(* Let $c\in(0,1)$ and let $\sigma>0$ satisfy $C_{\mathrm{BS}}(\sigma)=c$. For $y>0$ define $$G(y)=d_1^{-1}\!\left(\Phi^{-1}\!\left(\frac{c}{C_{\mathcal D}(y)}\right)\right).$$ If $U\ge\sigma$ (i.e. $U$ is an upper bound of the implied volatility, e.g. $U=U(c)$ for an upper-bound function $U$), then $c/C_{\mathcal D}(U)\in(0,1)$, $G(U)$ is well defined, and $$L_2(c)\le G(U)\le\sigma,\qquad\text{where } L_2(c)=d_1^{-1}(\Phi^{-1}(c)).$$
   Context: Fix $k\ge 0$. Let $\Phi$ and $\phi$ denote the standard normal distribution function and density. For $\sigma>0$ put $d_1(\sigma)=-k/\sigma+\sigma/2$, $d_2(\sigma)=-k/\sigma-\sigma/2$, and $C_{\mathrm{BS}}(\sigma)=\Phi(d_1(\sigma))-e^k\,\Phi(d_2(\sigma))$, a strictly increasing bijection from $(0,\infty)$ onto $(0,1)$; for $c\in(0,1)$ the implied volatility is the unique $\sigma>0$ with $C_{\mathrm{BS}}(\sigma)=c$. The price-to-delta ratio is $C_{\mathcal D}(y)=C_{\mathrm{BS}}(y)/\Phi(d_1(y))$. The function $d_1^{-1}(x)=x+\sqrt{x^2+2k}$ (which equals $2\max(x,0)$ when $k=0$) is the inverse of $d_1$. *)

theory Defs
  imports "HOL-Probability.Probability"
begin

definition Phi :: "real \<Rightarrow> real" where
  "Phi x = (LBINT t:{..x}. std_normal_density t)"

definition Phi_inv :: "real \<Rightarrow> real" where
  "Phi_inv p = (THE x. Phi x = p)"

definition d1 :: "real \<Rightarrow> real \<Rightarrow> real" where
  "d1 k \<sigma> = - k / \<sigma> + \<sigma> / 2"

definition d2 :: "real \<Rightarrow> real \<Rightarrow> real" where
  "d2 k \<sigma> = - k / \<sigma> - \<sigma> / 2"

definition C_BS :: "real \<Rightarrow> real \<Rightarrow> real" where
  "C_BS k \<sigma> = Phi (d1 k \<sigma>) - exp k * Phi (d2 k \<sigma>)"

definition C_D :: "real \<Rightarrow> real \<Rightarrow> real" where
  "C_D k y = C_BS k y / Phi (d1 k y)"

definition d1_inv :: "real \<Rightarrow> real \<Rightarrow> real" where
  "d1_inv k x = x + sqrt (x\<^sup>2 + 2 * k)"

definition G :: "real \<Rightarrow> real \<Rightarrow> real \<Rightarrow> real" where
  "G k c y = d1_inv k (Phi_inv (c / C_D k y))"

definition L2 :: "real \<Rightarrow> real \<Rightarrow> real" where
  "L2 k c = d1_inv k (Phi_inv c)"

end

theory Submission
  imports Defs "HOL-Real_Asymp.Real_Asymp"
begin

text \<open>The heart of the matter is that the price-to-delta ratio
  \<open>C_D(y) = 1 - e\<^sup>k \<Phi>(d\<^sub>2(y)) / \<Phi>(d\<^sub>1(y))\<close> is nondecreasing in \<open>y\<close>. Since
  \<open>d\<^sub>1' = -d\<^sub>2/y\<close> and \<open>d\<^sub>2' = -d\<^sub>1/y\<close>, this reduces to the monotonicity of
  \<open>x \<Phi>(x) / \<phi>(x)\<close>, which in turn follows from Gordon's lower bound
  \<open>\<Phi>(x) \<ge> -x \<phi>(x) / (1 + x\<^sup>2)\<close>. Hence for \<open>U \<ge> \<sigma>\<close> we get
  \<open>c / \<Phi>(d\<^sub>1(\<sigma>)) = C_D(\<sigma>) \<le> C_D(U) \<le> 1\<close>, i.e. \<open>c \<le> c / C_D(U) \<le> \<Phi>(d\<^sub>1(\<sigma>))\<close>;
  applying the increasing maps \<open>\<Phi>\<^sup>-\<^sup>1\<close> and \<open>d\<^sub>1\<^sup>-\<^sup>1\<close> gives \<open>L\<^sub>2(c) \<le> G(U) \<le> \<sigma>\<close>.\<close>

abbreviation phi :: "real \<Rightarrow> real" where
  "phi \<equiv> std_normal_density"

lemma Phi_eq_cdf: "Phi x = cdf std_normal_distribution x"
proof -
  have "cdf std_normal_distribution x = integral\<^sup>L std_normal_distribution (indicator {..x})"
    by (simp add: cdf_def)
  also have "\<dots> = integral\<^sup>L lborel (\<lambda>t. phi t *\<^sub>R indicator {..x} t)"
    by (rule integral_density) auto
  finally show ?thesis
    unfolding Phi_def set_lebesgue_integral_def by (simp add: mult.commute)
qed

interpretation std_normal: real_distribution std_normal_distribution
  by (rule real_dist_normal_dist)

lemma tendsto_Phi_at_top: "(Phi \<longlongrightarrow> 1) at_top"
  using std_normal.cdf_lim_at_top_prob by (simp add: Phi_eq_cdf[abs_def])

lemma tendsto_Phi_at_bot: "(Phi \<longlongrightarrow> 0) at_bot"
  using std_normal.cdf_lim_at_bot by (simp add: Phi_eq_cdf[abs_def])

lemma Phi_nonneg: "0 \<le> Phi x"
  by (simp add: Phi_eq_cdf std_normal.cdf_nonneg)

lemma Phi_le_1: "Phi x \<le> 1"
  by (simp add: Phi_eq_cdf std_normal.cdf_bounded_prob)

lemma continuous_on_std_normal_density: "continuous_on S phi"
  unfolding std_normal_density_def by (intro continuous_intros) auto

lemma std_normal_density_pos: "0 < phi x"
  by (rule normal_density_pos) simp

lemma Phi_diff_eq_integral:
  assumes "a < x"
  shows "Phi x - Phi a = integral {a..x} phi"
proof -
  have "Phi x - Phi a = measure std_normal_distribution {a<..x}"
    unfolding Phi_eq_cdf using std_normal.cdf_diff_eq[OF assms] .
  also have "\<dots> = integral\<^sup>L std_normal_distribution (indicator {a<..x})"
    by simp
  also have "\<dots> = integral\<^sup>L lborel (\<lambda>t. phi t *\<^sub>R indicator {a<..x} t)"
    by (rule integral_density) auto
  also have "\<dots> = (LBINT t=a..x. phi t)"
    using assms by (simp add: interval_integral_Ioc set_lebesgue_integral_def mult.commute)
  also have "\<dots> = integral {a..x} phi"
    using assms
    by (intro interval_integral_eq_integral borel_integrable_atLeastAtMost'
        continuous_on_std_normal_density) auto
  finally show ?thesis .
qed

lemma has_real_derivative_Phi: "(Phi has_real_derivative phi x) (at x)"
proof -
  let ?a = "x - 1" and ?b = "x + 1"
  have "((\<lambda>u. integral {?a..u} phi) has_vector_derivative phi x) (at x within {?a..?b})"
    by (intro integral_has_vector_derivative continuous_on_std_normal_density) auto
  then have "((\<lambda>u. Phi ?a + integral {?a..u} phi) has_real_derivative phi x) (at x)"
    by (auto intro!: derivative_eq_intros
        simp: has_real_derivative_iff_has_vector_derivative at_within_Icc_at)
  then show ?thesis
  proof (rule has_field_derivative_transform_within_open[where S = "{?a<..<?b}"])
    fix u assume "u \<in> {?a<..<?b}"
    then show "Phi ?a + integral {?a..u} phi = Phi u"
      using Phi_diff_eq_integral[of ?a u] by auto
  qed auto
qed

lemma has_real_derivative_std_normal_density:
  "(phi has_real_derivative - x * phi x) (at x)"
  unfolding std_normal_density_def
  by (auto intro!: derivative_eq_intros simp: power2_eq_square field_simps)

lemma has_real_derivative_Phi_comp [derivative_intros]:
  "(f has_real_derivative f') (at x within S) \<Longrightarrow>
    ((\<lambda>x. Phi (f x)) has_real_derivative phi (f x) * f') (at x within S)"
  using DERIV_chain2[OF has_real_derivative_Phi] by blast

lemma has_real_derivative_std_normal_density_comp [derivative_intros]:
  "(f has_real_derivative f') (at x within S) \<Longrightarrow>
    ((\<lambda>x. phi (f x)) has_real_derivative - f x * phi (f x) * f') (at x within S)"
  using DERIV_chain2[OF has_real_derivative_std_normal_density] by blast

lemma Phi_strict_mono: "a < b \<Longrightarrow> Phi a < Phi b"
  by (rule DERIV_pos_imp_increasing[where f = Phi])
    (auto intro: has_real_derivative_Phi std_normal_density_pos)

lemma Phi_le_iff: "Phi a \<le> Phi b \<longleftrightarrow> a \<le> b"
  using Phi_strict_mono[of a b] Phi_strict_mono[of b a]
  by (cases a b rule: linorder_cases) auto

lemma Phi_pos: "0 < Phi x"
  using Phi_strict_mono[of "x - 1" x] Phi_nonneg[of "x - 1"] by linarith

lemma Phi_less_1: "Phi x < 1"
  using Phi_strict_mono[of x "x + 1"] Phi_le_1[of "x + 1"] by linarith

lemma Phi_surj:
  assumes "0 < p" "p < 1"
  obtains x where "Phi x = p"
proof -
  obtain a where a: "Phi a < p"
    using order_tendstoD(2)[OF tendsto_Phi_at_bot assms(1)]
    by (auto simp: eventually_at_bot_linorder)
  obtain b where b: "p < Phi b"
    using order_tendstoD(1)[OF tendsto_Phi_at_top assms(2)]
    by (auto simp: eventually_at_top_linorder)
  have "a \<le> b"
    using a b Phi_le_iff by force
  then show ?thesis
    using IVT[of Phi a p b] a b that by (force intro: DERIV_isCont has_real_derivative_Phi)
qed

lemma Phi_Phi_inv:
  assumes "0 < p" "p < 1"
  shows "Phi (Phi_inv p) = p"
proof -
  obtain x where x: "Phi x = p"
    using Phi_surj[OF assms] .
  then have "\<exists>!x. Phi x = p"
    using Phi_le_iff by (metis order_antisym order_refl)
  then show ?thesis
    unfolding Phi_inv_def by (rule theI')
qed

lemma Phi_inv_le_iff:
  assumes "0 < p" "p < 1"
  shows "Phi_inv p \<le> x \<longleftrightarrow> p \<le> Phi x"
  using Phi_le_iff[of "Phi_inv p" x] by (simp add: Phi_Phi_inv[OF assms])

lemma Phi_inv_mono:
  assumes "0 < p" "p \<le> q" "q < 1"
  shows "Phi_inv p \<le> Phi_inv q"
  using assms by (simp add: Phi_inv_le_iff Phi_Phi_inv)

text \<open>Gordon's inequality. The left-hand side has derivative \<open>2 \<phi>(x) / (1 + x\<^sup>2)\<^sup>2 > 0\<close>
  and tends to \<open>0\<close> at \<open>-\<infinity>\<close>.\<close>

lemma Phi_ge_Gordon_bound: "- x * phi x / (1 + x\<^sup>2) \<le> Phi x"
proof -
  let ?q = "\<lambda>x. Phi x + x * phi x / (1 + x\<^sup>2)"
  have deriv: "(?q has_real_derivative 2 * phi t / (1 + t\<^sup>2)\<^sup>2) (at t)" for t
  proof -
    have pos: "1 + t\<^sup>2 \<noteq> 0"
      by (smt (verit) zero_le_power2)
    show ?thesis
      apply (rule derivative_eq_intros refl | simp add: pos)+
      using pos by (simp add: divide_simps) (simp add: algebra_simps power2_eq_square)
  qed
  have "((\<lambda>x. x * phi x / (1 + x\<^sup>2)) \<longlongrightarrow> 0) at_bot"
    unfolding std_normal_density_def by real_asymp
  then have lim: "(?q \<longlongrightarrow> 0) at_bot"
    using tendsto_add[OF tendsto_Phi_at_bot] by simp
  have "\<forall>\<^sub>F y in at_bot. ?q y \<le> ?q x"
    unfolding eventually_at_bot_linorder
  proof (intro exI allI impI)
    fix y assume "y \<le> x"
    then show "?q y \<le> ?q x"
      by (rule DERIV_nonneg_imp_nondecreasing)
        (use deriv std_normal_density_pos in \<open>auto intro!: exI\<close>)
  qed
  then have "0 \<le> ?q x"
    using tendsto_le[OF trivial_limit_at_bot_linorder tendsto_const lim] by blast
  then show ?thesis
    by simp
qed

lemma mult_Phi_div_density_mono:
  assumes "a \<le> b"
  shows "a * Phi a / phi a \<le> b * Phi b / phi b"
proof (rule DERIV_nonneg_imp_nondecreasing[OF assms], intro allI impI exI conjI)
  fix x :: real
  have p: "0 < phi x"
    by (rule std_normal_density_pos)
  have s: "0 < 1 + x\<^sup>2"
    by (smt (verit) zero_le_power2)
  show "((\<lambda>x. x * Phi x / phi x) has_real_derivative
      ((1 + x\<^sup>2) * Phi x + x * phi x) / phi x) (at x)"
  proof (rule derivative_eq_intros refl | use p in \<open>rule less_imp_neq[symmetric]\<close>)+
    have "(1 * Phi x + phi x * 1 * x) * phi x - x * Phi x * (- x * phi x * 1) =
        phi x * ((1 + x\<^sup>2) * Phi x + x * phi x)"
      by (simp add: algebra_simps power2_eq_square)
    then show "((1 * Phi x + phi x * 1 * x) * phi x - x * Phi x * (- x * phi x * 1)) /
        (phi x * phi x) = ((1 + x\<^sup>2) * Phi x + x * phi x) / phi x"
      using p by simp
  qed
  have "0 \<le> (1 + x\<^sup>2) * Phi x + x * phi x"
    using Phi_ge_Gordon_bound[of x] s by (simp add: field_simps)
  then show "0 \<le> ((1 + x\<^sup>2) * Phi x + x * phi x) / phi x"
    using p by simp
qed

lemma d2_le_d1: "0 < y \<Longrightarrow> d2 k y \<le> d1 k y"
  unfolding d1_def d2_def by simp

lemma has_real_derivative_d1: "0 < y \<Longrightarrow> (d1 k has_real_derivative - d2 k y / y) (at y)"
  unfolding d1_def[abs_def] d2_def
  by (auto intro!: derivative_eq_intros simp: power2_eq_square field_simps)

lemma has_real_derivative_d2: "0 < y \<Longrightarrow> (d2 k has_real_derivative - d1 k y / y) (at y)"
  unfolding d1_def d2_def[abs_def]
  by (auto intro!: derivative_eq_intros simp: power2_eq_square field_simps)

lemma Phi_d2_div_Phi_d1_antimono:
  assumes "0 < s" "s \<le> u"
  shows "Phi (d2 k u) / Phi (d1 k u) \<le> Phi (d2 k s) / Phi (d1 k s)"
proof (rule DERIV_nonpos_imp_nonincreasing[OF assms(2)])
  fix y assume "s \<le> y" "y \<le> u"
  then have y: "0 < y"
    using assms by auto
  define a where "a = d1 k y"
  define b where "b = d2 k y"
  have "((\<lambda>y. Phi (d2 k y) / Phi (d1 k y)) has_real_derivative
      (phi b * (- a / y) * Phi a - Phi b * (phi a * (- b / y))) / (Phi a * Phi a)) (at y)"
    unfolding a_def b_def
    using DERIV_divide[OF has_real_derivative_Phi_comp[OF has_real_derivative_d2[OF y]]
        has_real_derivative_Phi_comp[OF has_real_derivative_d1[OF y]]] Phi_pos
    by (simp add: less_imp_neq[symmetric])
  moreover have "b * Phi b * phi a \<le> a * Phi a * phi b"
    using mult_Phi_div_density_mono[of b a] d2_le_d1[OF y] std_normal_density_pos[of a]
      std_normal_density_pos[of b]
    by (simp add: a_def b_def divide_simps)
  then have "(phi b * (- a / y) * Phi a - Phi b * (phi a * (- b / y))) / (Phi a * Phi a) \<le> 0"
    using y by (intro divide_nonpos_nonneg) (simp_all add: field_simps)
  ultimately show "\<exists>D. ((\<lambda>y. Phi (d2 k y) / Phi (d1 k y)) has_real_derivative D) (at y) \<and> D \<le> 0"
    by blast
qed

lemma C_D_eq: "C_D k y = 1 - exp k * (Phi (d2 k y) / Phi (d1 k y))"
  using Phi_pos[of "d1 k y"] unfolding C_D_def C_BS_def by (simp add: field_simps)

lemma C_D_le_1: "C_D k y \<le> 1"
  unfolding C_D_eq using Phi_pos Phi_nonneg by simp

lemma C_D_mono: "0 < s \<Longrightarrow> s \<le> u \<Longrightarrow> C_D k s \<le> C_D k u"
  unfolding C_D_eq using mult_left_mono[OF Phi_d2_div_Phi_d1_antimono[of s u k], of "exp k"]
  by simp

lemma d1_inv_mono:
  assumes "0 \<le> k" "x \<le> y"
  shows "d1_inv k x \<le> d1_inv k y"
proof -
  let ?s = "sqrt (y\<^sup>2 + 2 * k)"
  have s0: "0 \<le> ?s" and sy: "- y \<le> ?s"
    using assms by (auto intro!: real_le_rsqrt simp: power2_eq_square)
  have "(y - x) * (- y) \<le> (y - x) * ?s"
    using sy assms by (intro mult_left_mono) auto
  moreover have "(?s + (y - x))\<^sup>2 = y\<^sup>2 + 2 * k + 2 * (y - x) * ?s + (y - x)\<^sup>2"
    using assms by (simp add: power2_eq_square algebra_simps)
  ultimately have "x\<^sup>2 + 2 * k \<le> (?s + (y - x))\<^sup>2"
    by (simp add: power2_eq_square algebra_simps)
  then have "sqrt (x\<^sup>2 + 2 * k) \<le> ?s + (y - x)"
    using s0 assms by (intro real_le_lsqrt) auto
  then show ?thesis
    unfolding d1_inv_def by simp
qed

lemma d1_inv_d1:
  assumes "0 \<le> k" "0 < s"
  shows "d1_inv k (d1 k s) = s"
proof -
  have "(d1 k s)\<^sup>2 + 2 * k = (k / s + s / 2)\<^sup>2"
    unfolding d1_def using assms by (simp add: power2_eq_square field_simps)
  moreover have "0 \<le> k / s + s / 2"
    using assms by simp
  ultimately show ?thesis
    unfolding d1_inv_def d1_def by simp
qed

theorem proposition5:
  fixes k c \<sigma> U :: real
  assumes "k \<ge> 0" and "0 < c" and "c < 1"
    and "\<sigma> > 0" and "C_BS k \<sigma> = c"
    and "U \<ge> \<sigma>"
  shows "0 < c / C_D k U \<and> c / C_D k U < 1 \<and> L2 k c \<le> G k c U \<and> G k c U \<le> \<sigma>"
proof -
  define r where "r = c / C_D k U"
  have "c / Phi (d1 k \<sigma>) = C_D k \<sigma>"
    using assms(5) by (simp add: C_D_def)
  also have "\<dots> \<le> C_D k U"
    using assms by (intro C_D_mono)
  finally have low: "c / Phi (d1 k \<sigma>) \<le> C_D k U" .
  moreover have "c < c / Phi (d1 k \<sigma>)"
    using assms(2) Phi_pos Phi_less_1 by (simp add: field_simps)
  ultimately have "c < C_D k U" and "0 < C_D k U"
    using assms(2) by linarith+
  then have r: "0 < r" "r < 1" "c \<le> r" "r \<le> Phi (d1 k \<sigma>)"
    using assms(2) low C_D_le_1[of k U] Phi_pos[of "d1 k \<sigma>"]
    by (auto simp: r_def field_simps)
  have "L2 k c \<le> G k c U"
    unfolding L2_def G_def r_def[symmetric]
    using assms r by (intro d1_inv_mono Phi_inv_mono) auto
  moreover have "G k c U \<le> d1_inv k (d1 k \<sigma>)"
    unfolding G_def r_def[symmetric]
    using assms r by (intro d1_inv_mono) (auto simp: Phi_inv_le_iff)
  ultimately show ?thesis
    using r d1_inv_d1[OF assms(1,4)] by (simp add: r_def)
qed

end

▶ [PROBLEM TO WORK ON] In the listing above, find the line containing "y \<Longrightarrow> (d1" and the line containing "y \<Longrightarrow> (d2", then repeat those two lines and everything between them exactly.

▶ [ANSWER SECTION]
lemma has_real_derivative_d1: "0 < y \<Longrightarrow> (d1 k has_real_derivative - d2 k y / y) (at y)"
  unfolding d1_def[abs_def] d2_def
  by (auto intro!: derivative_eq_intros simp: power2_eq_square field_simps)

lemma has_real_derivative_d2: "0 < y \<Longrightarrow> (d2 k has_real_derivative - d1 k y / y) (at y)"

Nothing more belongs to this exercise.